Ia bercerita, Selama kurun waktu sepuluh tahun berdiri, Padepokan Kabangsaan Karang Tumaritis menjadi tempat bagi organisasi-organisasi pemuda dan mahasiswa untuk berkegiatan, seperti HMI, GMNI, PMII, serta organisasi yang lainnya. Sejak berdiri selama lebih dari 10 tahun, Padepokan Kabangsaan Karang Tumaritis telah disambangi oleh banyak tokoh utama politik nasional. Sebut saja misalnya, Akbar Tandjung, (Alm) Bondan Gunawan, Jenderal TNI (Purn) Ryamizad Ryacudu, Antasari Azhar, hingga Ir Joko Widodo yang tak lain saat ini menjadi orang nomer satu di Republik Indonesia.
Kedatangan para tokoh dan para ksatria ini, imbuh Ananta, menjadikan Padepokan Kabangsaan Karang Tumaritis mirip seperti kampung tempat tinggalnya tokoh perwayangan, yaitu Semar Bodronoyo. “Semar itu merupakan merupakan tokoh penggambaran rakyat wong cilik yang sederhana, namun disegani oleh para dewata dan ksatria.
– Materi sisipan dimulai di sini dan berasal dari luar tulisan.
(* For $k\in\{1,\dots,m\}$ let $A_k\in\mathbb{R}^n$ with $\|A_k\|>0$ and $b_k\in\mathbb{R}$, and let $f(X)=\max_{k\in\{1,\dots,m\}}\left(A_k^TX+b_k\right)$. Let $X_0\in\mathbb{R}^n$ and $R>0$ be such that for all $X$ in the open ball $B(X_0,R)$: (1) $0\notin\partial f(X)$, and (2) every $d_X\in\partial f(X)$ satisfies $\|d_X\|\ge\underline{d}$, where $\underline{d}>0$ is a fixed constant. Then there exists $X\in B(X_0,R)$ such that $$f(X)\le f(X_0)-\underline{d}\cdot\frac{R}{2}.$$
   Context: $\partial f(X)$ denotes the subdifferential of the convex function $f$ at $X$. The function $f$ is the standing function of the paper's section, the maximum of the affine functions $A_k^TX+b_k$. *)

theory Defs
  imports "HOL-Analysis.Analysis"
begin

definition subdifferential :: "('a::real_inner \<Rightarrow> real) \<Rightarrow> 'a \<Rightarrow> 'a set" where
  "subdifferential f x = {g. \<forall>y. f y \<ge> f x + g \<bullet> (y - x)}"

definition maxaffine :: "(nat \<Rightarrow> real ^ 'n) \<Rightarrow> (nat \<Rightarrow> real) \<Rightarrow> nat \<Rightarrow> real ^ 'n \<Rightarrow> real" where
  "maxaffine A b m X = Max ((\<lambda>k. A k \<bullet> X + b k) ` {1..m})"

end

theory Submission
  imports Defs
begin

(* Proximal point iteration. For lam > 0 a minimizer Z of f + lam/2 * norm (_ - Y)^2 satisfies
   lam (Y - Z) \<in> subdifferential f Z, hence f Z \<le> f Y - lam * dist Y Z^2, and dist Y Z \<le> L/lam when
   f is L-Lipschitz. Inside the ball the subgradient bound gives lam * dist Y Z \<ge> dlow, so every
   step has length at least dlow/lam and decreases f by at least dlow times its length. With
   lam = 4L/R the steps have length at most R/4, so iterating from X0 until the travelled length
   first reaches R/2 stays inside ball X0 R and lowers f by at least dlow * R/2. *)

lemma convex_on_Max:
  fixes g :: "'i \<Rightarrow> 'a::real_vector \<Rightarrow> real"
  assumes "finite I" "I \<noteq> {}" and convex: "\<And>i. i \<in> I \<Longrightarrow> convex_on S (g i)"
  shows "convex_on S (\<lambda>x. Max ((\<lambda>i. g i x) ` I))"
proof (rule convex_onI)
  show "convex S"
    using assms(2) convex convex_on_imp_convex by blast
  fix t :: real and x y assume t: "0 < t" "t < 1" and xy: "x \<in> S" "y \<in> S"
  have "g i ((1 - t) *\<^sub>R x + t *\<^sub>R y) \<le> (1 - t) * Max ((\<lambda>i. g i x) ` I) + t * Max ((\<lambda>i. g i y) ` I)"
    if i: "i \<in> I" for i
  proof -
    have "g i ((1 - t) *\<^sub>R x + t *\<^sub>R y) \<le> (1 - t) * g i x + t * g i y"
      using convex_onD[OF convex[OF i]] t xy by simp
    also have "\<dots> \<le> (1 - t) * Max ((\<lambda>i. g i x) ` I) + t * Max ((\<lambda>i. g i y) ` I)"
      using t i assms(1) by (intro add_mono mult_left_mono Max_ge) auto
    finally show ?thesis .
  qed
  then show "Max ((\<lambda>i. g i ((1 - t) *\<^sub>R x + t *\<^sub>R y)) ` I)
      \<le> (1 - t) * Max ((\<lambda>i. g i x) ` I) + t * Max ((\<lambda>i. g i y) ` I)"
    using assms(1,2) by (subst Max_le_iff) auto
qed

lemma lipschitz_on_Max:
  fixes g :: "'i \<Rightarrow> 'a::metric_space \<Rightarrow> real"
  assumes "finite I" "I \<noteq> {}" and lip: "\<And>i. i \<in> I \<Longrightarrow> L-lipschitz_on S (g i)"
  shows "L-lipschitz_on S (\<lambda>x. Max ((\<lambda>i. g i x) ` I))"
proof (rule lipschitz_onI)
  show "0 \<le> L"
    using assms(2) lip lipschitz_on_nonneg by blast
  have Max_le: "Max ((\<lambda>i. g i x) ` I) \<le> Max ((\<lambda>i. g i y) ` I) + L * dist x y"
    if xy: "x \<in> S" "y \<in> S" for x y
  proof -
    have "g i x \<le> Max ((\<lambda>i. g i y) ` I) + L * dist x y" if i: "i \<in> I" for i
    proof -
      have "g i x \<le> g i y + L * dist x y"
        using lipschitz_onD[OF lip[OF i] xy] by (simp add: dist_real_def)
      also have "g i y \<le> Max ((\<lambda>i. g i y) ` I)"
        using i assms(1) by (intro Max_ge) auto
      finally show ?thesis by simp
    qed
    then show ?thesis
      using assms(1,2) by (subst Max_le_iff) auto
  qed
  fix x y assume "x \<in> S" "y \<in> S"
  then show "dist (Max ((\<lambda>i. g i x) ` I)) (Max ((\<lambda>i. g i y) ` I)) \<le> L * dist x y"
    using Max_le[of x y] Max_le[of y x] by (simp add: dist_real_def dist_commute abs_le_iff)
qed

lemma convex_on_inner_affine: "convex S \<Longrightarrow> convex_on S (\<lambda>x. a \<bullet> x + c)"
  by (rule convex_onI) (simp_all add: inner_add_right algebra_simps)

lemma lipschitz_on_inner_affine: "(norm a)-lipschitz_on S (\<lambda>x. a \<bullet> x + c)"
proof (rule lipschitz_onI)
  fix x y
  have "\<bar>a \<bullet> (x - y)\<bar> \<le> norm a * norm (x - y)"
    by (rule Cauchy_Schwarz_ineq2)
  then show "dist (a \<bullet> x + c) (a \<bullet> y + c) \<le> norm a * dist x y"
    by (simp add: dist_real_def dist_norm inner_diff_right)
qed simp

lemma convex_on_maxaffine: "m \<ge> 1 \<Longrightarrow> convex_on UNIV (maxaffine A b m)"
  unfolding maxaffine_def by (intro convex_on_Max convex_on_inner_affine) auto

lemma lipschitz_on_maxaffine:
  assumes "m \<ge> 1"
  shows "(MAX k\<in>{1..m}. norm (A k))-lipschitz_on UNIV (maxaffine A b m)"
  unfolding maxaffine_def
proof (intro lipschitz_on_Max)
  fix k assume "k \<in> {1..m}"
  then show "(MAX k\<in>{1..m}. norm (A k))-lipschitz_on UNIV (\<lambda>x. A k \<bullet> x + b k)"
    by (intro lipschitz_on_le[OF lipschitz_on_inner_affine] Max_ge) auto
qed (use assms in auto)

lemma prox_minimizer_exists:
  fixes f :: "'a::euclidean_space \<Rightarrow> real"
  assumes lip: "L-lipschitz_on UNIV f" and "lam > 0"
  shows "\<exists>Z. \<forall>x. f Z + lam/2 * (norm (Z - Y))\<^sup>2 \<le> f x + lam/2 * (norm (x - Y))\<^sup>2"
proof -
  define h where "h x = f x + lam/2 * (norm (x - Y))\<^sup>2" for x
  have radius_nonneg: "0 \<le> 2*L/lam"
    using lipschitz_on_nonneg[OF lip] \<open>lam > 0\<close> by simp
  have "continuous_on (cball Y (2*L/lam)) h"
    unfolding h_def using lipschitz_on_continuous_on[OF lip]
    by (intro continuous_intros) (auto intro: continuous_on_subset)
  moreover have "cball Y (2*L/lam) \<noteq> {}"
    using radius_nonneg by simp
  ultimately obtain Z where Zmin: "\<And>x. x \<in> cball Y (2*L/lam) \<Longrightarrow> h Z \<le> h x"
    using continuous_attains_inf[OF compact_cball] by metis
  \<comment> \<open>Outside the ball h exceeds h Y, so the minimizer over the ball is global.\<close>
  have "h Z \<le> h x" for x
  proof (cases "x \<in> cball Y (2*L/lam)")
    case False
    define r where "r = norm (x - Y)"
    have "2*L/lam < r"
      using False by (simp add: r_def dist_norm norm_minus_commute)
    then have "2*L \<le> lam * r"
      using \<open>lam > 0\<close> by (simp add: field_simps)
    then have "L * r \<le> lam/2 * r\<^sup>2"
      using mult_right_mono[of "2*L" "lam * r" r] by (simp add: r_def power2_eq_square)
    moreover have "f Y \<le> f x + L * r"
      using lipschitz_onD[OF lip, of Y x] by (simp add: r_def dist_real_def dist_norm norm_minus_commute)
    moreover have "h Z \<le> f Y"
      using Zmin[of Y] radius_nonneg by (simp add: h_def)
    ultimately show ?thesis
      by (simp add: h_def r_def)
  qed (rule Zmin)
  then show ?thesis
    unfolding h_def by blast
qed

lemma prox_minimizer_subgradient:
  fixes f :: "'a::real_inner \<Rightarrow> real"
  assumes convex: "convex_on UNIV f"
    and min: "\<And>x. f Z + lam/2 * (norm (Z - Y))\<^sup>2 \<le> f x + lam/2 * (norm (x - Y))\<^sup>2"
  shows "lam *\<^sub>R (Y - Z) \<in> subdifferential f Z"
  unfolding subdifferential_def
proof (intro CollectI allI)
  fix y
  define v where "v = y - Z"
  have "lam * (v \<bullet> (Y - Z)) - t * (lam/2 * (norm v)\<^sup>2) \<le> f y - f Z" if t: "0 < t" "t < 1" for t
  proof -
    have "f (Z + t *\<^sub>R v) \<le> f Z + t * (f y - f Z)"
      using convex_onD[OF convex, of t Z y] t by (simp add: v_def algebra_simps)
    moreover have "(norm (Z + t *\<^sub>R v - Y))\<^sup>2 = (norm (Z - Y))\<^sup>2 - 2 * t * (v \<bullet> (Y - Z)) + t\<^sup>2 * (norm v)\<^sup>2"
      by (simp only: power2_norm_eq_inner)
        (simp add: inner_diff_left inner_diff_right inner_add_left inner_add_right
          inner_commute power2_eq_square algebra_simps)
    ultimately have "0 \<le> (f Z + t * (f y - f Z)) + lam/2 * ((norm (Z - Y))\<^sup>2 - 2 * t * (v \<bullet> (Y - Z)) + t\<^sup>2 * (norm v)\<^sup>2)
        - (f Z + lam/2 * (norm (Z - Y))\<^sup>2)"
      using min[of "Z + t *\<^sub>R v"] by simp
    also have "\<dots> = t * ((f y - f Z) - lam * (v \<bullet> (Y - Z)) + t * (lam/2 * (norm v)\<^sup>2))"
      by (simp add: algebra_simps power2_eq_square)
    finally show ?thesis
      using t by (simp add: zero_le_mult_iff)
  qed
  then have "lam * (v \<bullet> (Y - Z)) \<le> f y - f Z"
    by (intro tendsto_le[OF trivial_limit_at_right_real tendsto_const,
          of "\<lambda>t. lam * (v \<bullet> (Y - Z)) - t * (lam/2 * (norm v)\<^sup>2)" _ 0])
      (auto intro!: tendsto_eq_intros eventually_mono[OF eventually_at_right_real[of 0 1]])
  then show "f Z + lam *\<^sub>R (Y - Z) \<bullet> (y - Z) \<le> f y"
    by (simp add: v_def inner_commute)
qed

lemma prox_descent_step:
  fixes f :: "'a::euclidean_space \<Rightarrow> real"
  assumes convex: "convex_on UNIV f" and lip: "L-lipschitz_on UNIV f" and "0 < lam"
    and grad: "\<And>Z g. Z \<in> cball X (L/lam) \<Longrightarrow> g \<in> subdifferential f Z \<Longrightarrow> dlow \<le> norm g"
  shows "\<exists>Z. dlow/lam \<le> dist X Z \<and> dist X Z \<le> L/lam \<and> f Z \<le> f X - dlow * dist X Z"
proof -
  obtain Z where "\<forall>x. f Z + lam/2 * (norm (Z - X))\<^sup>2 \<le> f x + lam/2 * (norm (x - X))\<^sup>2"
    using prox_minimizer_exists[OF lip \<open>0 < lam\<close>] by blast
  then have subgrad: "lam *\<^sub>R (X - Z) \<in> subdifferential f Z"
    using prox_minimizer_subgradient[OF convex] by blast
  define d where "d = dist X Z"
  have decrease: "f Z + lam * d\<^sup>2 \<le> f X"
    using subgrad unfolding subdifferential_def
    by (simp add: d_def dist_norm power2_norm_eq_inner)
  moreover have "f X \<le> f Z + L * d"
    using lipschitz_onD[OF lip, of X Z] by (simp add: d_def dist_real_def)
  ultimately have "lam * d * d \<le> L * d"
    by (simp add: power2_eq_square)
  then have d_le: "d \<le> L/lam"
    using \<open>0 < lam\<close> lipschitz_on_nonneg[OF lip]
    by (cases "d = 0") (auto simp: d_def field_simps)
  then have "dlow \<le> lam * d"
    using grad[OF _ subgrad] \<open>0 < lam\<close> by (simp add: d_def dist_norm)
  moreover have "0 \<le> d"
    by (simp add: d_def)
  ultimately have "dlow/lam \<le> d" and "dlow * d \<le> lam * d\<^sup>2"
    using \<open>0 < lam\<close> mult_right_mono[of dlow "lam * d" d] by (auto simp: field_simps power2_eq_square)
  then show ?thesis
    using d_le decrease unfolding d_def by (intro exI[of _ Z]) auto
qed

lemma descent_steps_reach_radius:
  fixes f :: "'a::metric_space \<Rightarrow> real"
  assumes "0 < \<delta>" "0 < r" "0 \<le> h"
    and step: "\<And>X. dist X0 X < r \<Longrightarrow> \<exists>Z. \<delta> \<le> dist X Z \<and> dist X Z \<le> h \<and> f Z \<le> f X - c * dist X Z"
  shows "\<exists>X s. r \<le> s \<and> s < r + h \<and> dist X0 X \<le> s \<and> f X \<le> f X0 - c * s"
proof -
  have "\<exists>X s. min (real n * \<delta>) r \<le> s \<and> s < r + h \<and> dist X0 X \<le> s \<and> f X \<le> f X0 - c * s" for n
  proof (induction n)
    case 0
    show ?case
      using assms(2,3) by (intro exI[of _ X0] exI[of _ 0]) auto
  next
    case (Suc n)
    then obtain X s where Xs: "min (real n * \<delta>) r \<le> s" "s < r + h" "dist X0 X \<le> s" "f X \<le> f X0 - c * s"
      by blast
    show ?case
    proof (cases "r \<le> s")
      case True
      then show ?thesis
        using Xs by (intro exI[of _ X] exI[of _ s]) auto
    next
      case False
      then obtain Z where Z: "\<delta> \<le> dist X Z" "dist X Z \<le> h" "f Z \<le> f X - c * dist X Z"
        using step[of X] Xs(3) by auto
      have "dist X0 Z \<le> s + dist X Z"
        using dist_triangle[of X0 Z X] Xs(3) by linarith
      moreover have "min (real (Suc n) * \<delta>) r \<le> s + dist X Z"
        using Xs(1) False Z(1) by (auto simp: min_def algebra_simps split: if_splits)
      ultimately show ?thesis
        using Xs Z False by (intro exI[of _ Z] exI[of _ "s + dist X Z"]) (auto simp: algebra_simps)
    qed
  qed
  moreover obtain n :: nat where "r / \<delta> \<le> n"
    using real_arch_simple by blast
  then have "r \<le> real n * \<delta>"
    using \<open>0 < \<delta>\<close> by (simp add: field_simps)
  ultimately show ?thesis
    by (metis min.absorb2)
qed

theorem convex_lipschitz_descent_in_ball:
  fixes f :: "'a::euclidean_space \<Rightarrow> real"
  assumes convex: "convex_on UNIV f" and lip: "L-lipschitz_on UNIV f"
    and "0 < R" "0 < dlow"
    and grad: "\<forall>X\<in>ball X0 R. \<forall>g\<in>subdifferential f X. dlow \<le> norm g"
  shows "\<exists>X\<in>ball X0 R. f X \<le> f X0 - dlow * (R/2)"
proof -
  define K where "K = L + 1"
  have "0 < K" and lipK: "K-lipschitz_on UNIV f"
    using lipschitz_on_nonneg[OF lip] lipschitz_on_le[OF lip] by (auto simp: K_def)
  define lam where "lam = 4 * K / R"
  have "0 < lam" and radius: "K / lam = R/4"
    using \<open>0 < K\<close> \<open>0 < R\<close> by (auto simp: lam_def)
  have "\<exists>Z. dlow/lam \<le> dist X Z \<and> dist X Z \<le> R/4 \<and> f Z \<le> f X - dlow * dist X Z"
    if "dist X0 X < R/2" for X
  proof -
    have "cball X (K/lam) \<subseteq> ball X0 R"
    proof
      fix Z assume "Z \<in> cball X (K/lam)"
      then have "dist X0 Z \<le> dist X0 X + R/4"
        using dist_triangle[of X0 Z X] radius by simp
      then show "Z \<in> ball X0 R"
        using that \<open>0 < R\<close> by simp
    qed
    then show ?thesis
      using prox_descent_step[OF convex lipK \<open>0 < lam\<close>, of X dlow] grad
      unfolding radius by blast
  qed
  then obtain X s where "R/2 \<le> s" "s < R/2 + R/4" "dist X0 X \<le> s" "f X \<le> f X0 - dlow * s"
    using descent_steps_reach_radius[of "dlow/lam" "R/2" "R/4" X0 f dlow] \<open>0 < lam\<close> assms(3,4)
    by auto
  moreover have "dlow * (R/2) \<le> dlow * s"
    using \<open>R/2 \<le> s\<close> \<open>0 < dlow\<close> by simp
  ultimately show ?thesis
    by (intro bexI[of _ X]) auto
qed

theorem lemma2p3:
  fixes A :: "nat \<Rightarrow> real ^ 'n" and b :: "nat \<Rightarrow> real" and m :: nat
    and X0 :: "real ^ 'n" and R dlow :: real
  assumes "m \<ge> 1"
    and "\<forall>k\<in>{1..m}. norm (A k) > 0"
    and "R > 0" and "dlow > 0"
    and "\<forall>X\<in>ball X0 R. 0 \<notin> subdifferential (maxaffine A b m) X"
    and "\<forall>X\<in>ball X0 R. \<forall>d\<in>subdifferential (maxaffine A b m) X. norm d \<ge> dlow"
  shows "\<exists>X\<in>ball X0 R. maxaffine A b m X \<le> maxaffine A b m X0 - dlow * (R / 2)"
  \<comment> \<open>The hypotheses on norm (A k) and on 0 are not needed; the latter follows from the last one.\<close>
  using convex_lipschitz_descent_in_ball[OF convex_on_maxaffine[OF assms(1)]
      lipschitz_on_maxaffine[OF assms(1)] assms(3,4,6)] .

end
text \<open>
  Derivatives are measured in the weighted form \<open>x^\<nu> * D^\<nu> g\<close>. For a monomial \<open>a * x^\<gamma>\<close>
  this is \<open>a * x^\<gamma>\<close> times a falling factorial of \<open>\<gamma>\<close>, hence bounded by
  \<open>sup |a * x^\<gamma>| * L^|\<nu>| * |\<nu>|!\<close> with \<open>L\<close> depending only on the exponents, not on \<open>t\<close>.
  Bounds \<open>|x^\<nu> * D^\<nu> g| \<le> e * A^|\<nu>| * |\<nu>|! / (|\<nu>| + 1)^2\<close> survive products (Leibniz rule)
  at the cost of a factor 8 in \<open>e\<close>. Near a point of a fibre, \<open>F\<close> is expanded around a centre
  \<open>y\<close> close to \<open>b(t, x)\<close>, so that every term of
  \<open>b\<^sub>j * F(b) = \<Sum>\<^sub>\<alpha> c\<^sub>\<alpha> * b\<^sub>j * \<Prod>\<^sub>i (b\<^sub>i - y\<^sub>i)^\<alpha>\<^sub>i\<close> is a product of affine functions of monomials,
  with \<open>e\<close> growing like \<open>(8 \<epsilon>)^|\<alpha>|\<close>; these bounds are summable because the expansion
  converges absolutely at radius \<open>16 \<epsilon>\<close>. Compactness of the closure of \<open>b(U)\<close> leaves finitely
  many centres, so \<open>A\<close> and \<open>B\<close> do not depend on \<open>t\<close>. One more derivative costs a relative factor
  that is controlled once the partial derivatives of the \<open>b\<^sub>i\<close>, again monomials, are bounded.
\<close>

section \<open>Partial derivatives\<close>

lemma has_real_derivative_along_axis:
  fixes g :: "real^'d::finite \<Rightarrow> real"
  assumes "(g has_derivative D) (at x)"
  shows "((\<lambda>s. g (x + s *\<^sub>R axis i 1)) has_real_derivative D (axis i 1)) (at 0)"
proof -
  have "((\<lambda>s. x + s *\<^sub>R axis i 1) has_derivative (\<lambda>h. h *\<^sub>R axis i 1)) (at (0::real))"
    by (auto intro!: derivative_eq_intros)
  then have "((g \<circ> (\<lambda>s. x + s *\<^sub>R axis i 1)) has_derivative D \<circ> (\<lambda>h. h *\<^sub>R axis i 1)) (at 0)"
    by (rule diff_chain_at) (simp add: assms)
  moreover have "D \<circ> (\<lambda>h. h *\<^sub>R axis i 1) = (*) (D (axis i 1))"
    using linear_scale[OF has_derivative_linear[OF assms]] by (auto simp: o_def mult.commute)
  ultimately show ?thesis by (simp add: has_field_derivative_def o_def)
qed

lemma pd_eq_has_derivative:
  fixes g :: "real^'d::finite \<Rightarrow> real"
  assumes "(g has_derivative D) (at x)"
  shows "pd i g x = D (axis i 1)"
  unfolding pd_def by (rule DERIV_imp_deriv) (rule has_real_derivative_along_axis[OF assms])

lemma has_real_derivative_pd:
  fixes g :: "real^'d::finite \<Rightarrow> real"
  assumes "g differentiable (at x)"
  shows "((\<lambda>s. g (x + s *\<^sub>R axis i 1)) has_real_derivative pd i g x) (at 0)"
proof -
  obtain D where D: "(g has_derivative D) (at x)" using assms by (auto simp: differentiable_def)
  then show ?thesis
    using has_real_derivative_along_axis[OF D] by (simp add: pd_eq_has_derivative[OF D])
qed

lemma has_derivative_pd_sum:
  fixes g :: "real^'d::finite \<Rightarrow> real"
  assumes "g differentiable (at x)"
  shows "(g has_derivative (\<lambda>h. \<Sum>j\<in>UNIV. h $ j * pd j g x)) (at x)"
proof -
  obtain D where D: "(g has_derivative D) (at x)" using assms by (auto simp: differentiable_def)
  have "D = (\<lambda>h. \<Sum>j\<in>UNIV. h $ j * pd j g x)"
  proof
    fix h :: "real^'d"
    have "D h = D (\<Sum>j\<in>UNIV. h $ j *\<^sub>R axis j 1)"
      using basis_expansion[of h] by (simp add: scalar_mult_eq_scaleR)
    also have "\<dots> = (\<Sum>j\<in>UNIV. h $ j * D (axis j 1))"
      using has_derivative_linear[OF D] by (simp add: linear_sum linear_scale)
    finally show "D h = (\<Sum>j\<in>UNIV. h $ j * pd j g x)" by (simp add: pd_eq_has_derivative[OF D])
  qed
  with D show ?thesis by simp
qed

lemma pd_cong_open:
  fixes g h :: "real^'d::finite \<Rightarrow> real"
  assumes "open S" "x \<in> S" "\<And>y. y \<in> S \<Longrightarrow> g y = h y"
  shows "pd i g x = pd i h x"
proof -
  have "((\<lambda>s. x + s *\<^sub>R axis i 1) \<longlongrightarrow> x) (nhds (0::real))"
    by (auto intro!: tendsto_eq_intros simp: filterlim_ident)
  then have "\<forall>\<^sub>F s in nhds 0. x + s *\<^sub>R axis i 1 \<in> S"
    using assms(1,2) by (rule topological_tendstoD)
  then have "\<forall>\<^sub>F s in nhds 0. g (x + s *\<^sub>R axis i 1) = h (x + s *\<^sub>R axis i 1)"
    by eventually_elim (rule assms(3))
  then show ?thesis unfolding pd_def by (rule deriv_cong_ev) simp
qed

lemma pdl_cong_open:
  fixes g h :: "real^'d::finite \<Rightarrow> real"
  assumes "open S" "\<And>y. y \<in> S \<Longrightarrow> g y = h y" "x \<in> S"
  shows "pdl is g x = pdl is h x"
  using assms(3)
proof (induction "is" arbitrary: x)
  case (Cons i "is")
  then show ?case by (simp add: pd_cong_open[OF assms(1) Cons.prems Cons.IH])
qed (simp add: assms(2))

lemma differentiable_cong_open:
  fixes g h :: "real^'d::finite \<Rightarrow> real"
  assumes "open S" "x \<in> S" "\<And>y. y \<in> S \<Longrightarrow> g y = h y" "g differentiable (at x)"
  shows "h differentiable (at x)"
proof -
  obtain D where "(g has_derivative D) (at x)" using assms(4) by (auto simp: differentiable_def)
  then have "(h has_derivative D) (at x)"
    by (rule has_derivative_transform_within_open[OF _ assms(1,2)]) (rule assms(3))
  then show ?thesis by (auto simp: differentiable_def)
qed

lemma smooth_on_cong_open:
  fixes g h :: "real^'d::finite \<Rightarrow> real"
  assumes "open S" "\<And>y. y \<in> S \<Longrightarrow> g y = h y" "smooth_on S g"
  shows "smooth_on S h"
  unfolding smooth_on_def
proof (intro allI ballI)
  fix "is" x assume x: "x \<in> S"
  have "pdl is g differentiable (at x)" using assms(3) x by (simp add: smooth_on_def)
  then show "pdl is h differentiable (at x)"
    by (rule differentiable_cong_open[OF assms(1) x, rotated]) (rule pdl_cong_open[OF assms(1,2)])
qed

lemma smooth_on_subset: "smooth_on S g \<Longrightarrow> T \<subseteq> S \<Longrightarrow> smooth_on T g"
  unfolding smooth_on_def by blast

lemma smooth_on_differentiable: "smooth_on S g \<Longrightarrow> x \<in> S \<Longrightarrow> g differentiable (at x)"
  unfolding smooth_on_def by (metis pdl.simps(1))

lemma pd_const: "pd i (\<lambda>x. c) x = 0"
  unfolding pd_def by (rule DERIV_imp_deriv) simp

lemma pd_add:
  fixes g h :: "real^'d::finite \<Rightarrow> real"
  assumes "g differentiable (at x)" "h differentiable (at x)"
  shows "pd i (\<lambda>x. g x + h x) x = pd i g x + pd i h x"
  unfolding pd_def[of i "\<lambda>x. g x + h x"]
  by (rule DERIV_imp_deriv) (intro DERIV_add has_real_derivative_pd assms)

lemma pd_cmult:
  fixes g :: "real^'d::finite \<Rightarrow> real"
  assumes "g differentiable (at x)"
  shows "pd i (\<lambda>x. c * g x) x = c * pd i g x"
  unfolding pd_def[of i "\<lambda>x. c * g x"]
  by (rule DERIV_imp_deriv) (intro DERIV_cmult has_real_derivative_pd assms)

lemma pd_mult:
  fixes g h :: "real^'d::finite \<Rightarrow> real"
  assumes "g differentiable (at x)" "h differentiable (at x)"
  shows "pd i (\<lambda>x. g x * h x) x = pd i g x * h x + g x * pd i h x"
proof -
  have "((\<lambda>s. g (x + s *\<^sub>R axis i 1) * h (x + s *\<^sub>R axis i 1)) has_real_derivative
      pd i g x * h (x + 0 *\<^sub>R axis i 1) + pd i h x * g (x + 0 *\<^sub>R axis i 1)) (at 0)"
    by (intro DERIV_mult has_real_derivative_pd assms)
  then show ?thesis
    unfolding pd_def[of i "\<lambda>x. g x * h x"] by (subst DERIV_imp_deriv) (auto simp: pd_def algebra_simps)
qed

lemma pd_sum:
  fixes g :: "'a \<Rightarrow> real^'d::finite \<Rightarrow> real"
  assumes "\<And>k. k \<in> I \<Longrightarrow> g k differentiable (at x)"
  shows "pd i (\<lambda>x. \<Sum>k\<in>I. g k x) x = (\<Sum>k\<in>I. pd i (g k) x)"
  unfolding pd_def[of i "\<lambda>x. \<Sum>k\<in>I. g k x"]
  by (rule DERIV_imp_deriv) (intro DERIV_sum has_real_derivative_pd assms)

lemma pdl_const: "pdl is (\<lambda>x. c) = (\<lambda>x. if is = [] then c else 0)"
proof (induction "is")
  case (Cons i "is")
  show ?case unfolding pdl.simps Cons.IH by (simp add: fun_eq_iff pd_const)
qed simp

lemma smooth_on_const: "smooth_on S (\<lambda>x. c)"
  by (simp add: smooth_on_def pdl_const)

lemma pdl_add:
  fixes g h :: "real^'d::finite \<Rightarrow> real"
  assumes "open S" "smooth_on S g" "smooth_on S h" "x \<in> S"
  shows "pdl is (\<lambda>x. g x + h x) x = pdl is g x + pdl is h x"
  using assms(4)
proof (induction "is" arbitrary: x)
  case (Cons i "is")
  have "pdl (i # is) (\<lambda>x. g x + h x) x = pd i (\<lambda>x. pdl is g x + pdl is h x) x"
    using pd_cong_open[OF assms(1) Cons.prems Cons.IH] by simp
  also have "\<dots> = pdl (i # is) g x + pdl (i # is) h x"
    using assms(2,3) Cons.prems by (simp add: pd_add smooth_on_def)
  finally show ?case .
qed simp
Bahkan dihadapan semar, Batara Kala yang menguasai dunia. Bahkan setan pun tunduk padanya, dan tobat menjadi dewata guru,” ungkap Ananta.
“Itu pulalah yang menjadi alasan, mengapa Padepokan ini diberi nama Karang Tumaritis. Yaitu, seperti kampungya Semar yang didatangni oleh para ksatria dan menjadi tempat persemaian kader-kader unggul,” sambungnya lagi.
Sementara itu, Sekjen PDI Perjuangan, Ir Hasto Kristiyanto dalam sambutannya menuturkan, penamaan Karang Tumaritis pada padepokan tersebut, mengingatkan pada masa kecilnya yang suka menonton ketoprak. Di mana, kata dia, dalam ketoprak ada sosok Mahesa Jenar yang menggemblem kemampuan ilmu sosro birowo-nya di dalam Padepokan Karang Tumaritis. Dan begitu datang ini, dirinya sudah merasakan suasana yang menggelorakan kebudayaan indonesia.
“Bung karno mengatakan Indonesia yang berkepribadian dalam kebudayaan. Dan disitulah padepokan ini, semua suku dan agama, semua umat manusia Indonesia bisa bersatu dalam semangat yang sama, bergelora dengan tegap yang sama, yaitu untuk Indonesia raya kita,” tutur Hasto dengan nada berapi-api.
Dalam sambutannya itu, Hasto berterimakasih kepada Ananta Wahana selaku pengasuh Padepokan Kebangsaan Karang Tumaritis. “Terimakasih kepada bung ananta yang sudah mengundang saya datang ke tempat ini,” tutur Hasto.
Partisipasi masyarakat yang datang dari berbagai klas sosial, menjadi penyempurna tersendiri atas penamaan padepokan ini. Partisipasi perusahaan-perusahaan BUMN, seperti Bank Negara Indonesia 1946 (BNI 46) dan Bank Rakyat Indonesia (BRI), yang membagikan ratusan paket sembako, atau perusahaan lain, yakni, OJK, Askrindo, Aero Wisata, dan BJB, membuktikan keistimewaan karakter Karang Tumaritis yang terlahir di Sabtu legi.